Westdeusche Zeitung, 19.1.2005, von Daniel Marquardt

Riesen-Tiger begleitet jecke WZ-Truppe

Der bekannte Düsseldorfer Wagenbauer Jacques Tilly baut für die WZ-Fußgruppe im Rosenmontagszug eine riesige Raubkatze. Die WZ schaute ihm über die Schulter.

Seit Weihnachten herrscht Hochkonjunktur bei Jacques Tilly (41) und seiner Kollegin Doris George (29). Eigentlich sind die beiden ja Bildhauer, aber ihre große Passion ist der Bau von Karnevalswagen. Im Auftrag der Krefelder WZ bastelt Tillys Team zurzeit in der Düsseldorfer Wagenbauhalle fleißig an einem Tiger.

Schließlich hat die Redaktion die Patenschaft über die Sumatra-Tiger Sutera und Beludru und deren Kinder Ratu und Raja im Krefelder Zoo übernommen. Und beim Rosenmontagszug wird die WZ mit einer Tiger-Fußgruppe mitziehen. Fast 100 WZ-Leser und -Leserinnen aller Altersgruppen haben sich für die muntere Truppe angemeldet - alle dürfen mitziehen. Der Riesentiger wird das Erkennungszeichen.

Damit der Karnevalstiger so original wie möglich wird, hat sich Jacques Tilly zunächst Bilder der Raubkatzen besorgt und eine farbige maßstabgetreue Skizze gezeichnet - die Vorlage, nach der gearbeitet wird. Ist dies geschehen, wird der Körper aus Maschendraht zurecht gebogen, bis alles an der richtigen Stelle sitzt. "Das Drahten dauert am längsten", weiß Tilly, "das liegt an den vielen Muskelschichten."

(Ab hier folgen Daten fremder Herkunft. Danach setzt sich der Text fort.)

lemma no_loop: "(v, v) \<notin> E"
  using simple by (simp add: simple_graph_def)

lemma finite_E: "finite E"
  using simple finite_subset[OF _ finite_cartesian_product[OF finite_V finite_V]]
  by (simp add: simple_graph_def)

lemma mem_nbrs [simp]: "u \<in> nbrs E v \<longleftrightarrow> (v, u) \<in> E"
  by (simp add: nbrs_def)

lemma nbrs_subset_V: "nbrs E v \<subseteq> V"
  using edge_in_V by auto

lemma finite_nbrs: "finite (nbrs E v)"
  using finite_subset[OF nbrs_subset_V finite_V] .

lemma card_nbrs: "v \<in> V \<Longrightarrow> card (nbrs E v) = 3"
  using cubic by (simp add: cubic_def)

lemma card_closed_nbrs: "v \<in> V \<Longrightarrow> card (closed_nbrs E v) = 4"
  using card_nbrs finite_nbrs no_loop by (simp add: closed_nbrs_def)

lemma perfect_code_closed_nbrs_disjoint:
  assumes "perfect_code V E D" "c \<in> D" "c' \<in> D" "c \<noteq> c'"
  shows "closed_nbrs E c \<inter> closed_nbrs E c' = {}"
proof -
  have "closed_nbrs E c \<subseteq> V"
    using assms(1,2) nbrs_subset_V by (auto simp: perfect_code_def closed_nbrs_def)
  then show ?thesis using assms unfolding perfect_code_def by blast
qed

lemma card_perfect_code:
  assumes "perfect_code V E D"
  shows "card V = 4 * card D"
proof -
  have DV: "D \<subseteq> V" and code: "\<forall>v\<in>V. \<exists>!c\<in>D. v \<in> closed_nbrs E c"
    using assms by (auto simp: perfect_code_def)
  have "V = (\<Union>c\<in>D. closed_nbrs E c)"
  proof
    show "V \<subseteq> (\<Union>c\<in>D. closed_nbrs E c)" using code by blast
    show "(\<Union>c\<in>D. closed_nbrs E c) \<subseteq> V"
      using DV nbrs_subset_V by (auto simp: closed_nbrs_def)
  qed
  moreover have "card (\<Union>c\<in>D. closed_nbrs E c) = (\<Sum>c\<in>D. card (closed_nbrs E c))"
  proof (rule card_UN_disjoint)
    show "finite D" using DV finite_V finite_subset by blast
    show "\<forall>c\<in>D. finite (closed_nbrs E c)" by (simp add: closed_nbrs_def finite_nbrs)
    show "\<forall>c\<in>D. \<forall>c'\<in>D. c \<noteq> c' \<longrightarrow> closed_nbrs E c \<inter> closed_nbrs E c' = {}"
      using perfect_code_closed_nbrs_disjoint[OF assms] by blast
  qed
  moreover have "(\<Sum>c\<in>D. card (closed_nbrs E c)) = 4 * card D"
    using DV card_closed_nbrs by (simp add: subset_iff)
  ultimately show ?thesis by simp
qed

Das dafür nötige Fingerspitzengefühl besitzt auch Doris George. Als sie sich das erste Mal bei Tilly vorstellt - aus Interesse am Karnevalswagenbau - habe er sich zunächst gefragt: "Was will die hier, die kann doch schon alles", verrät er mit einem Schmunzeln. Die Fertigkeiten hat sie im Phantasialand erworben, wo sie Kulissen baute. "Es ist einfach faszinierend. Man hat mehr Freiheiten in der Gestaltung und kann den Bau eines Wagens von Anfang bis zum Ende verfolgen", sagt die selbständige Bildhauerin. Die Arbeit werde nie langweilig, schließlich kommen außerhalb der Session auch andere Aufträge - Kulissen für Filmsets und Discotheken oder Messebauten.

Die Arbeit für die Jecken beginnt schon im Sommer. Und spätestens zu Weihnachten juckt es mächtig in den Fingern, erzählt Tilly: "Ab da herrscht ein hoher Zeitdruck und wir arbeiten oft von frühmorgens bis nach Mitternacht." Mit seinem Team - bestehend aus fünf Leuten - schafft Jacques Tilly bis zu 20 Wagen pro Session. Insgesamt hat er in den zwanzig Jahren seines Schaffens über 100 Karnevalswagen gebaut, schätzt er. Alleine der Tiger hat schon gute anderthalb Wochen in Anspruch genommen. Wie viele Arbeitsstunden darin stecken, weiß er nicht, er hat sie nicht gezählt.

Nun ist der König des Dschungels fast fertig. Nur hier und da fehlen noch ein paar Farbtupfer. Die werden jetzt mit Pinsel und Airbrush-Technik aufgebracht. "Eine Mischung ist immer das Beste", erklärt Tilly. Und wenn dann auch noch der Boden grün gefärbt ist, kann der Tiger seinem Bestimmungszweck übergeben werden. Er ziert dann den Safari-Jeep, mit dem die Krefelder WZ-Redaktion beim Rosenmontagszug am 7. Februar ihre Kamelle unters Volk bringt. Na dann, ein kräftig gebrülltes "Krefelder Helau".